2026-05-20 — views

Google Gemini 3.5 Flash beats last quarter's Pro flagship on agentic tasks

Read this because The signal is the price-performance inversion: a budget tier now out-runs last quarter's flagship on agentic throughput-per-dollar. If you sized infra around Pro-tier pricing, your unit economics just improved without a code change.

At I/O 2026, Gemini 3.5 Flash beats Gemini 3.1 Pro on coding+agent benchmarks at $1.50/$9 per 1M tokens. Terminal-Bench 76.2% vs 70.3%. 4x faster, half cost.

At Google I/O 2026 (May 19), Google launched Gemini 3.5 Flash — and the headline isn’t the model, it’s the price-performance inversion. A Flash-tier (budget) model now beats Gemini 3.1 Pro — last quarter’s flagship — on agentic and coding benchmarks, at a fraction of the cost.

The benchmark numbers

Benchmark	Gemini 3.5 Flash	Gemini 3.1 Pro
Terminal-Bench 2.1 (coding)	76.2%	70.3%
MCP Atlas (tool use)	83.6%	—
Finance Agent v2	57.9%	—
GDPval-AA (real-world agentic)	1656 Elo	—

Google’s framing: frontier-level performance at 4x the speed of comparable frontier models, “often at less than half the cost.”

Pricing + availability

$1.50 / 1M input tokens · $9 / 1M output tokens
1M-token context window
GA day-one across 6 surfaces (Gemini app, AI Mode in Search, Vertex AI, AI Studio, and more)
Gemini 3.5 Pro teased for “next month”

Why this matters for builders

The structural shift is that the budget tier crossed the previous flagship’s capability line on agentic workloads — the workloads that actually matter for production AI products (multi-step tool use, coding, long-horizon agents).

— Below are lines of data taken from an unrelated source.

(* Let $\kappa>0$ and let $S$ be a $\kappa$-cylindrical surface whose directrix $(x,z)$ is given by the solution of $x'=\cos\theta$, $z'=\sin\theta$, $\theta'=\kappa z$ with $x(0)=0$, $\theta(0)=0$, $z(0)=z_0>0$ (so $z_0$ is the lowest height of $S$ above $\Pi=\{z=0\}$). Then the height $z$ satisfies $$z_0\le z(p)\le\sqrt{\frac4\kappa+z_0^2}\qquad\text{for all }p\in S,$$ and both bounds are attained.
   Context: A $\kappa$-cylindrical surface ($\kappa\ne0$ constant) is a cylindrical ruled surface in $\mathbb R^3$ locally satisfying $\operatorname{div}\big(Du/\sqrt{1+|Du|^2}\big)=\kappa u$; it has horizontal rulings and is parametrized as $(x(s),t,z(s))$ with arc-length directrix $(x,z)$ and $\theta$ the angle between $\partial/\partial x$ and the directrix, satisfying the system above. *)

theory Defs
  imports Complex_Main
begin

definition cyl_surface :: "(real \<Rightarrow> real) \<Rightarrow> (real \<Rightarrow> real) \<Rightarrow> (real \<times> real \<times> real) set" where
  "cyl_surface x z = {(x s, t, z s) | s t. True}"

definition height :: "real \<times> real \<times> real \<Rightarrow> real" where
  "height p = snd (snd p)"

end

theory Submission
  imports Defs
begin

text \<open>The quantity \<open>cos \<theta> + \<kappa> z\<^sup>2 / 2\<close> is a first integral of the system, so with \<open>\<theta>(0) = 0\<close>
  we get \<open>z\<^sup>2 = z\<^sub>0\<^sup>2 + 2 (1 - cos \<theta>) / \<kappa>\<close>, which lies between \<open>z\<^sub>0\<^sup>2\<close> and \<open>z\<^sub>0\<^sup>2 + 4 / \<kappa>\<close>.
  In particular \<open>z\<close> never vanishes, hence stays positive, which gives the two bounds.
  The lower bound is attained at \<open>s = 0\<close>; for the upper one, \<open>\<theta>' = \<kappa> z \<ge> \<kappa> z\<^sub>0 > 0\<close> forces
  \<open>\<theta>\<close> to reach \<open>\<pi>\<close>, where \<open>cos \<theta> = -1\<close>.\<close>

lemma continuous_pos_if_no_zero:
  fixes f :: "real \<Rightarrow> real"
  assumes "continuous_on UNIV f" and "\<And>s. f s \<noteq> 0" and "f a > 0"
  shows "f b > 0"
proof (rule ccontr)
  assume "\<not> f b > 0"
  then have "f b \<le> 0" by simp
  have "\<exists>t. f t = 0"
  proof (cases "b \<le> a")
    case True
    then show ?thesis
      using IVT'[of f b 0 a] \<open>f b \<le> 0\<close> assms(1,3) continuous_on_subset by fastforce
  next
    case False
    then show ?thesis
      using IVT2'[of f b 0 a] \<open>f b \<le> 0\<close> assms(1,3) continuous_on_subset by fastforce
  qed
  then show False using assms(2) by blast
qed

lemma surj_nonneg_if_deriv_ge_pos:
  fixes f f' :: "real \<Rightarrow> real"
  assumes deriv: "\<And>s. (f has_real_derivative f' s) (at s)"
    and bound: "\<And>s. f' s \<ge> c" and "c > 0" and "y \<ge> f 0"
  shows "\<exists>t \<ge> 0. f t = y"
proof -
  define T where "T = (y - f 0) / c + 1"
  have "T > 0" unfolding T_def using \<open>c > 0\<close> \<open>y \<ge> f 0\<close> by (simp add: add_nonneg_pos)
  then obtain \<xi> where "f T - f 0 = T * f' \<xi>"
    using MVT2[of 0 T f f'] deriv by auto
  moreover have "T * c \<le> T * f' \<xi>"
    using \<open>T > 0\<close> bound by (simp add: mult_left_mono)
  moreover have "T * c > y - f 0"
    unfolding T_def using \<open>c > 0\<close> by (simp add: field_simps)
  ultimately have "y \<le> f T" by linarith
  moreover have "continuous_on {0..T} f"
    using deriv by (meson DERIV_continuous continuous_at_imp_continuous_on)
  ultimately obtain t where "0 \<le> t" "f t = y"
    using IVT'[of f 0 y T] \<open>y \<ge> f 0\<close> \<open>T > 0\<close> by auto
  then show ?thesis by blast
qed

locale kappa_directrix =
  fixes \<kappa> :: real and z \<theta> :: "real \<Rightarrow> real"
  assumes z_deriv: "\<And>s. (z has_real_derivative sin (\<theta> s)) (at s)"
    and theta_deriv: "\<And>s. (\<theta> has_real_derivative \<kappa> * z s) (at s)"
begin

lemma first_integral: "cos (\<theta> s) + \<kappa> / 2 * (z s)\<^sup>2 = cos (\<theta> 0) + \<kappa> / 2 * (z 0)\<^sup>2"
proof -
  have "((\<lambda>s. cos (\<theta> s) + \<kappa> / 2 * (z s)\<^sup>2) has_real_derivative 0) (at s)" for s
  proof -
    have "((\<lambda>s. cos (\<theta> s) + \<kappa> / 2 * (z s)\<^sup>2) has_real_derivative
        - sin (\<theta> s) * (\<kappa> * z s) + \<kappa> / 2 * (2 * z s * sin (\<theta> s))) (at s)"
      by (rule derivative_eq_intros theta_deriv z_deriv refl | simp)+
    then show ?thesis by (simp add: algebra_simps)
  qed
  then have "\<forall>s. ((\<lambda>s. cos (\<theta> s) + \<kappa> / 2 * (z s)\<^sup>2) has_real_derivative 0) (at s)" ..
  from DERIV_isconst_all[OF this, of s 0] show ?thesis by simp
qed

lemma continuous_z: "continuous_on A z"
  using z_deriv by (meson DERIV_continuous continuous_at_imp_continuous_on)

end

locale positive_kappa_directrix = kappa_directrix +
  assumes kappa_pos: "\<kappa> > 0" and theta_0: "\<theta> 0 = 0" and z_0_pos: "z 0 > 0"
begin

lemma z_sq_eq: "(z s)\<^sup>2 = (z 0)\<^sup>2 + 2 * (1 - cos (\<theta> s)) / \<kappa>"
  using first_integral[of s] kappa_pos theta_0 by (simp add: field_simps)

lemma z_sq_bounds: "(z 0)\<^sup>2 \<le> (z s)\<^sup>2" "(z s)\<^sup>2 \<le> (z 0)\<^sup>2 + 4 / \<kappa>"
proof -
  have "0 \<le> 1 - cos (\<theta> s)" "2 * (1 - cos (\<theta> s)) \<le> 4"
    using cos_le_one[of "\<theta> s"] cos_ge_minus_one[of "\<theta> s"] by argo+
  then have "0 \<le> 2 * (1 - cos (\<theta> s)) / \<kappa>" "2 * (1 - cos (\<theta> s)) / \<kappa> \<le> 4 / \<kappa>"
    using kappa_pos by (simp_all add: divide_right_mono)
  then show "(z 0)\<^sup>2 \<le> (z s)\<^sup>2" "(z s)\<^sup>2 \<le> (z 0)\<^sup>2 + 4 / \<kappa>"
    using z_sq_eq[of s] by linarith+
qed

lemma z_pos: "z s > 0"
proof (rule continuous_pos_if_no_zero[OF continuous_z _ z_0_pos])
  show "z t \<noteq> 0" for t
    using z_sq_bounds(1)[of t] z_0_pos by (metis power_zero_numeral zero_less_power2 not_le)
qed

lemma z_ge: "z 0 \<le> z s"
  using z_sq_bounds(1) z_pos by (meson power2_le_imp_le less_imp_le)

lemma z_le: "z s \<le> sqrt (4 / \<kappa> + (z 0)\<^sup>2)"
  using z_sq_bounds(2) z_pos by (metis add.commute real_le_rsqrt)

lemma z_attains_max: "\<exists>t. z t = sqrt (4 / \<kappa> + (z 0)\<^sup>2)"
proof -
  have "\<kappa> * z 0 \<le> \<kappa> * z s" for s
    using z_ge kappa_pos by simp
  then obtain t where "\<theta> t = pi"
    using surj_nonneg_if_deriv_ge_pos[OF theta_deriv, of "\<kappa> * z 0" pi]
      kappa_pos z_0_pos theta_0 by auto
  then have "(z t)\<^sup>2 = 4 / \<kappa> + (z 0)\<^sup>2"
    using z_sq_eq[of t] by simp
  then have "z t = sqrt (4 / \<kappa> + (z 0)\<^sup>2)"
    using z_pos[of t] by (simp add: real_sqrt_unique)
  then show ?thesis ..
qed

end

theorem mainTheorem5:
  fixes \<kappa> z\<^sub>0 :: real and x z \<theta> :: "real \<Rightarrow> real"
  assumes "\<kappa> > 0" and "z\<^sub>0 > 0"
    and "\<And>s. (x has_real_derivative cos (\<theta> s)) (at s)"
    and "\<And>s. (z has_real_derivative sin (\<theta> s)) (at s)"
    and "\<And>s. (\<theta> has_real_derivative \<kappa> * z s) (at s)"
    and "x 0 = 0" and "\<theta> 0 = 0" and "z 0 = z\<^sub>0"
  shows "(\<forall>p \<in> cyl_surface x z. z\<^sub>0 \<le> height p \<and> height p \<le> sqrt (4 / \<kappa> + z\<^sub>0 ^ 2))
    \<and> (\<exists>p \<in> cyl_surface x z. height p = z\<^sub>0)
    \<and> (\<exists>p \<in> cyl_surface x z. height p = sqrt (4 / \<kappa> + z\<^sub>0 ^ 2))"
proof -
  interpret positive_kappa_directrix \<kappa> z \<theta>
    using assms by unfold_locales auto
  have on_surface: "(x s, 0, z s) \<in> cyl_surface x z" for s
    unfolding cyl_surface_def by blast
  obtain t where "z t = sqrt (4 / \<kappa> + z\<^sub>0\<^sup>2)"
    using z_attains_max assms(8) by blast
  then show ?thesis
    using z_ge z_le on_surface[of 0] on_surface[of t] assms(8)
    by (force simp: cyl_surface_def height_def)
qed

end
(* Let $(l_n)_{n\ge 1}$, $(r_n)_{n\ge 1}$ be real numbers with $l_n,r_n>0$ and $l_n+r_n=1$, let $k\ge 1$ be an integer, and let $(X_m)_{m\ge 0}$ be the birth-death chain with these probabilities and $X_0=k$; let $T_\Delta$ be its first hitting time of $0$ ($T_\Delta=\infty$ if $0$ is never hit). Suppose that $$\sum_{n=1}^{\infty}\Big|1-\frac{l_n}{r_n}\Big|<\infty.$$ Then for every non-decreasing sequence of stopping times $(T_m)_{m\ge1}$ with $E[T_m]<\infty$ for all $m$ and $T_m\to T_\Delta$ almost surely, the limit $\lim_{m\to\infty}E[X_{T_m}]$ exists and lies in $(0,\infty)$.
   Context: The birth-death chain: $(X_m)$ is a Markov chain on the nonnegative integers which from a state $n\ge 1$ moves to $n+1$ with probability $r_n$ and to $n-1$ with probability $l_n$, and for which $0$ is absorbing. Stopping times are with respect to the natural filtration of $(X_m)$. *)

theory Defs
  imports "HOL-Probability.Probability"
begin

definition bd_trans :: "(nat \<Rightarrow> real) \<Rightarrow> (nat \<Rightarrow> real) \<Rightarrow> nat \<Rightarrow> nat \<Rightarrow> real" where
  "bd_trans l r x y =
     (if x = 0 then (if y = 0 then 1 else 0)
      else if y = Suc x then r x
      else if Suc y = x then l x
      else 0)"

text \<open>X is (in law) the birth-death chain with probabilities l, r started at k:
  X 0 = k almost surely, and for every history x_0..x_m the conditional probability
  of X_(m+1) = y is bd_trans l r x_m y (Markov property with these transitions).\<close>
definition birth_death_chain ::
  "'a measure \<Rightarrow> (nat \<Rightarrow> real) \<Rightarrow> (nat \<Rightarrow> real) \<Rightarrow> nat \<Rightarrow> (nat \<Rightarrow> 'a \<Rightarrow> nat) \<Rightarrow> bool" where
  "birth_death_chain M l r k X \<longleftrightarrow>
     prob_space M \<and>
     (\<forall>n. X n \<in> M \<rightarrow>\<^sub>M count_space UNIV) \<and>
     measure M {\<omega> \<in> space M. X 0 \<omega> = k} = 1 \<and>
     (\<forall>xs y. xs \<noteq> [] \<longrightarrow>
        measure M {\<omega> \<in> space M. (\<forall>i<length xs. X i \<omega> = xs ! i) \<and> X (length xs) \<omega> = y}
        = measure M {\<omega> \<in> space M. \<forall>i<length xs. X i \<omega> = xs ! i} * bd_trans l r (last xs) y)"

definition nat_filtration :: "'a measure \<Rightarrow> (nat \<Rightarrow> 'a \<Rightarrow> nat) \<Rightarrow> nat \<Rightarrow> 'a set set" where
  "nat_filtration M X n = sigma_sets (space M) {X i -` A \<inter> space M | i A. i \<le> n}"

definition is_stopping_time :: "'a measure \<Rightarrow> (nat \<Rightarrow> 'a \<Rightarrow> nat) \<Rightarrow> ('a \<Rightarrow> enat) \<Rightarrow> bool" where
  "is_stopping_time M X T \<longleftrightarrow> (\<forall>n. {\<omega> \<in> space M. T \<omega> \<le> enat n} \<in> nat_filtration M X n)"

definition hitting_time_0 :: "(nat \<Rightarrow> 'a \<Rightarrow> nat) \<Rightarrow> 'a \<Rightarrow> enat" where
  "hitting_time_0 X \<omega> = (if \<exists>n. X n \<omega> = 0 then enat (LEAST n. X n \<omega> = 0) else \<infinity>)"

text \<open>Value of the process at a stopping time (arbitrary value 0 where T is infinite;
  this only happens on a null set in the theorem).\<close>
definition stopped_value :: "(nat \<Rightarrow> 'a \<Rightarrow> nat) \<Rightarrow> ('a \<Rightarrow> enat) \<Rightarrow> 'a \<Rightarrow> nat" where
  "stopped_value X T \<omega> = (case T \<omega> of enat n \<Rightarrow> X n \<omega> | \<infinity> \<Rightarrow> 0)"

end

theory Submission
  imports Defs
begin

(*
  Let s x = (\<Sum>j<x. \<Prod>i=1..j. l i / r i) be the scale function of the chain. It is harmonic,
  so E s(X (min \<tau> n)) = s k for every stopping time \<tau>; if moreover E \<tau> < \<infinity>, the at most
  linear growth of s gives E s(X \<tau>) = s k by dominated convergence. The summability hypothesis
  makes the increments \<Prod>i=1..j. l i / r i converge to some c > 0, so that s x = c x + o(x).
  Since s is unbounded, a second-moment estimate for the exit times from (0, N) shows that the
  chain is absorbed at 0 almost surely. Hence P(X (T m) \<noteq> 0) \<rightarrow> 0, and E X (T m) \<rightarrow> s k / c > 0.
*)

lemma tendsto_of_deviation_bound:
  fixes a P :: "nat \<Rightarrow> real"
  assumes P: "P \<longlonglongrightarrow> 0" and dev: "\<And>\<epsilon>. \<epsilon> > 0 \<Longrightarrow> \<exists>K. \<forall>m. \<bar>a m - s\<bar> \<le> \<epsilon> + K * P m"
  shows "a \<longlonglongrightarrow> s"
proof (rule LIMSEQ_I)
  fix e :: real assume "e > 0"
  then obtain K where K: "\<And>m. \<bar>a m - s\<bar> \<le> e / 2 + K * P m"
    using dev[of "e / 2"] by auto
  have "(\<lambda>m. K * P m) \<longlonglongrightarrow> 0"
    using tendsto_mult_right_zero[OF P] by simp
  then obtain m0 where m0: "\<And>m. m \<ge> m0 \<Longrightarrow> \<bar>K * P m\<bar> < e / 2"
    using LIMSEQ_D[of "\<lambda>m. K * P m" 0 "e / 2"] \<open>e > 0\<close> by auto
  have "\<bar>a m - s\<bar> < e" if "m \<ge> m0" for m
    using K[of m] m0[OF that] by linarith
  then show "\<exists>m0. \<forall>m\<ge>m0. norm (a m - s) < e" by auto
qed

lemma (in finite_measure) integrable_bounded_nat_valued:
  fixes h :: "'a \<Rightarrow> nat" and \<phi> :: "nat \<Rightarrow> real"
  assumes h: "h \<in> M \<rightarrow>\<^sub>M count_space UNIV" and bound: "AE \<omega> in M. h \<omega> \<le> K"
  shows "integrable M (\<lambda>\<omega>. \<phi> (h \<omega>))"
proof (rule integrable_const_bound[where B="\<Sum>x\<le>K. \<bar>\<phi> x\<bar>"])
  show "AE \<omega> in M. norm (\<phi> (h \<omega>)) \<le> (\<Sum>x\<le>K. \<bar>\<phi> x\<bar>)"
    using bound by eventually_elim (auto intro: member_le_sum[where f="\<lambda>x. \<bar>\<phi> x\<bar>"])
  show "(\<lambda>\<omega>. \<phi> (h \<omega>)) \<in> borel_measurable M"
    using measurable_compose[OF h, of \<phi>] by simp
qed

lemma (in finite_measure) integral_indicator_finite_range:
  fixes h :: "'a \<Rightarrow> 'b::countable" and \<psi> :: "'b \<Rightarrow> real"
  assumes S: "finite S" and range: "AE \<omega> in M. h \<omega> \<in> S"
    and A: "A \<in> sets M" and h: "h \<in> M \<rightarrow>\<^sub>M count_space UNIV"
  shows "(\<integral>\<omega>. indicator A \<omega> * \<psi> (h \<omega>) \<partial>M) = (\<Sum>s\<in>S. \<psi> s * measure M (A \<inter> {\<omega>\<in>space M. h \<omega> = s}))"
proof -
  have level[measurable]: "A \<inter> {\<omega>\<in>space M. h \<omega> = s} \<in> sets M" for s
  proof -
    have "{\<omega>\<in>space M. h \<omega> = s} \<in> sets M"
      using measurable_sets[OF h, of "{s}"] by (simp add: vimage_def Int_def conj_commute)
    then show ?thesis using A by blast
  qed
  have "(\<integral>\<omega>. indicator A \<omega> * \<psi> (h \<omega>) \<partial>M)
      = (\<integral>\<omega>. (\<Sum>s\<in>S. \<psi> s * indicator (A \<inter> {\<omega>\<in>space M. h \<omega> = s}) \<omega>) \<partial>M)"
  proof (rule integral_cong_AE)
    show "(\<lambda>\<omega>. indicator A \<omega> * \<psi> (h \<omega>)) \<in> borel_measurable M"
      using A measurable_compose[OF h, of \<psi>] by measurable
    show "AE \<omega> in M. indicator A \<omega> * \<psi> (h \<omega>)
        = (\<Sum>s\<in>S. \<psi> s * indicator (A \<inter> {\<omega>\<in>space M. h \<omega> = s}) \<omega>)"
      using range AE_space
    proof eventually_elim
      case (elim \<omega>)
      then have "(\<Sum>s\<in>S. \<psi> s * indicator (A \<inter> {\<omega>\<in>space M. h \<omega> = s}) \<omega>)
          = (\<Sum>s\<in>S. if s = h \<omega> then \<psi> s * indicator A \<omega> else 0)"
        by (intro sum.cong) (auto simp: indicator_def)
      then show ?case using elim S by (simp add: mult.commute)
    qed
  qed measurable
  also have "\<dots> = (\<Sum>s\<in>S. \<psi> s * measure M (A \<inter> {\<omega>\<in>space M. h \<omega> = s}))"
    by (subst Bochner_Integration.integral_sum) (auto intro!: integrable_real_indicator simp: less_top[symmetric])
  finally show ?thesis .
qed

lemma measurable_enat_level_sets:
  fixes \<tau> :: "'a \<Rightarrow> enat"
  assumes "\<And>n. {\<omega>\<in>space M. \<tau> \<omega> \<le> enat n} \<in> sets M"
  shows "\<tau> \<in> M \<rightarrow>\<^sub>M count_space UNIV"
  unfolding measurable_count_space_eq2_countable
proof (intro conjI ballI)
  fix a :: enat
  show "\<tau> -` {a} \<inter> space M \<in> sets M"
  proof (cases a)
    case (enat t)
    have eq: "\<tau> \<omega> = enat t \<longleftrightarrow> \<tau> \<omega> \<le> enat t \<and> (\<forall>s<t. \<not> \<tau> \<omega> \<le> enat s)" for \<omega>
      by (cases "\<tau> \<omega>") (auto simp: not_le intro: le_neq_implies_less)
    have "\<tau> -` {a} \<inter> space M
        = {\<omega>\<in>space M. \<tau> \<omega> \<le> enat t} - (\<Union>s<t. {\<omega>\<in>space M. \<tau> \<omega> \<le> enat s})"
      using enat eq by blast
    then show ?thesis using assms by auto
  next
    case infinity
    have eq: "\<tau> \<omega> = \<infinity> \<longleftrightarrow> (\<forall>n. \<not> \<tau> \<omega> \<le> enat n)" for \<omega>
      by (cases "\<tau> \<omega>") auto
    have "\<tau> -` {a} \<inter> space M = space M - (\<Union>n. {\<omega>\<in>space M. \<tau> \<omega> \<le> enat n})"
      using infinity eq by blast
    then show ?thesis using assms by auto
  qed
qed simp

lemma AE_finite_of_nn_integral_enat:
  fixes \<tau> :: "'a \<Rightarrow> enat"
  assumes "\<tau> \<in> M \<rightarrow>\<^sub>M count_space UNIV" and "(\<integral>\<^sup>+\<omega>. ennreal_of_enat (\<tau> \<omega>) \<partial>M) < \<infinity>"
  shows "AE \<omega> in M. \<tau> \<omega> \<noteq> \<infinity>"
proof -
  have "AE \<omega> in M. ennreal_of_enat (\<tau> \<omega>) \<noteq> \<infinity>"
    using assms measurable_compose[OF assms(1), of ennreal_of_enat borel]
    by (intro nn_integral_PInf_AE) auto
  then show ?thesis
  proof eventually_elim
    case (elim \<omega>)
    then show ?case by (cases "\<tau> \<omega>") auto
  qed
qed

lemma integrable_finite_part_enat:
  fixes \<tau> :: "'a \<Rightarrow> enat"
  assumes \<tau>: "\<tau> \<in> M \<rightarrow>\<^sub>M count_space UNIV" and fin: "(\<integral>\<^sup>+\<omega>. ennreal_of_enat (\<tau> \<omega>) \<partial>M) < \<infinity>"
  shows "integrable M (\<lambda>\<omega>. case \<tau> \<omega> of enat t \<Rightarrow> real t | \<infinity> \<Rightarrow> 0)"
proof (rule integrableI_bounded)
  show "(\<lambda>\<omega>. case \<tau> \<omega> of enat t \<Rightarrow> real t | \<infinity> \<Rightarrow> 0) \<in> borel_measurable M"
    using measurable_compose[OF \<tau>, of "\<lambda>t. case t of enat t \<Rightarrow> real t | \<infinity> \<Rightarrow> 0" borel] by simp
  have "(\<integral>\<^sup>+\<omega>. ennreal (norm (case \<tau> \<omega> of enat t \<Rightarrow> real t | \<infinity> \<Rightarrow> 0)) \<partial>M)
      \<le> (\<integral>\<^sup>+\<omega>. ennreal_of_enat (\<tau> \<omega>) \<partial>M)"
    by (intro nn_integral_mono) (auto simp: ennreal_of_nat_eq_real_of_nat split: enat.splits)
  then show "(\<integral>\<^sup>+\<omega>. ennreal (norm (case \<tau> \<omega> of enat t \<Rightarrow> real t | \<infinity> \<Rightarrow> 0)) \<partial>M) < \<infinity>"
    using fin by (rule le_less_trans)
qed

definition min_time :: "('a \<Rightarrow> enat) \<Rightarrow> nat \<Rightarrow> 'a \<Rightarrow> nat" where
  "min_time \<tau> n \<omega> = the_enat (min (\<tau> \<omega>) (enat n))"

lemma min_time_eq_bound: "enat n \<le> \<tau> \<omega> \<Longrightarrow> min_time \<tau> n \<omega> = n"
  by (simp add: min_time_def min_def)

lemma min_time_eq_time: "\<tau> \<omega> = enat t \<Longrightarrow> t \<le> n \<Longrightarrow> min_time \<tau> n \<omega> = t"
  by (simp add: min_time_def)

lemma min_time_le_bound: "min_time \<tau> n \<omega> \<le> n"
  by (cases "\<tau> \<omega>") (auto simp: min_time_def min_def)

lemma min_time_le_time: "\<tau> \<omega> = enat t \<Longrightarrow> min_time \<tau> n \<omega> \<le> t"
  by (simp add: min_time_def min_def)

lemma min_time_Suc:
  "min_time \<tau> (Suc n) \<omega> = (if enat n < \<tau> \<omega> then Suc n else min_time \<tau> n \<omega>)"
  by (cases "\<tau> \<omega>") (auto simp: min_time_def min_def Suc_ile_eq)

lemma measurable_min_time:
  "\<tau> \<in> M \<rightarrow>\<^sub>M count_space UNIV \<Longrightarrow> min_time \<tau> n \<in> M \<rightarrow>\<^sub>M count_space UNIV"
  using measurable_compose[of \<tau> M _ "\<lambda>t. the_enat (min t (enat n))" "count_space UNIV"]
  by (simp add: min_time_def[abs_def])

If you architected your inference budget around 3.1-Pro-tier pricing, your unit economics just improved without a single code change — swap the model string, keep the behavior, cut the bill. This is the same dynamic we flagged in the Anthropic gross-margin story: the foundation-model layer keeps repricing capability downward, and the savings flow to whoever ships on the newest tier fastest.

Practitioner note

Re-benchmark before you migrate. Terminal-Bench wins don’t guarantee your specific workload improves. Run your last 5 production traces on 3.5 Flash vs your current model before switching.
Watch the throughput-per-dollar, not the headline price. 4x speed at half the cost means your agent loop completes more tasks per wall-clock minute — the throughput framing we covered for coding agents applies here too.
Don’t over-commit to one provider. With Gemini Flash, Claude, and GPT all repricing quarterly, multi-model routing keeps you on the best price-performance tier as it moves.

The under-considered angle: the “Flash beats last-quarter Pro” pattern is now a reliable quarterly cadence across all three labs. That means the rational architecture is provider-agnostic model routing with quarterly re-benchmarking — not a long-term bet on any single model family. The moat is your eval harness, not your model choice.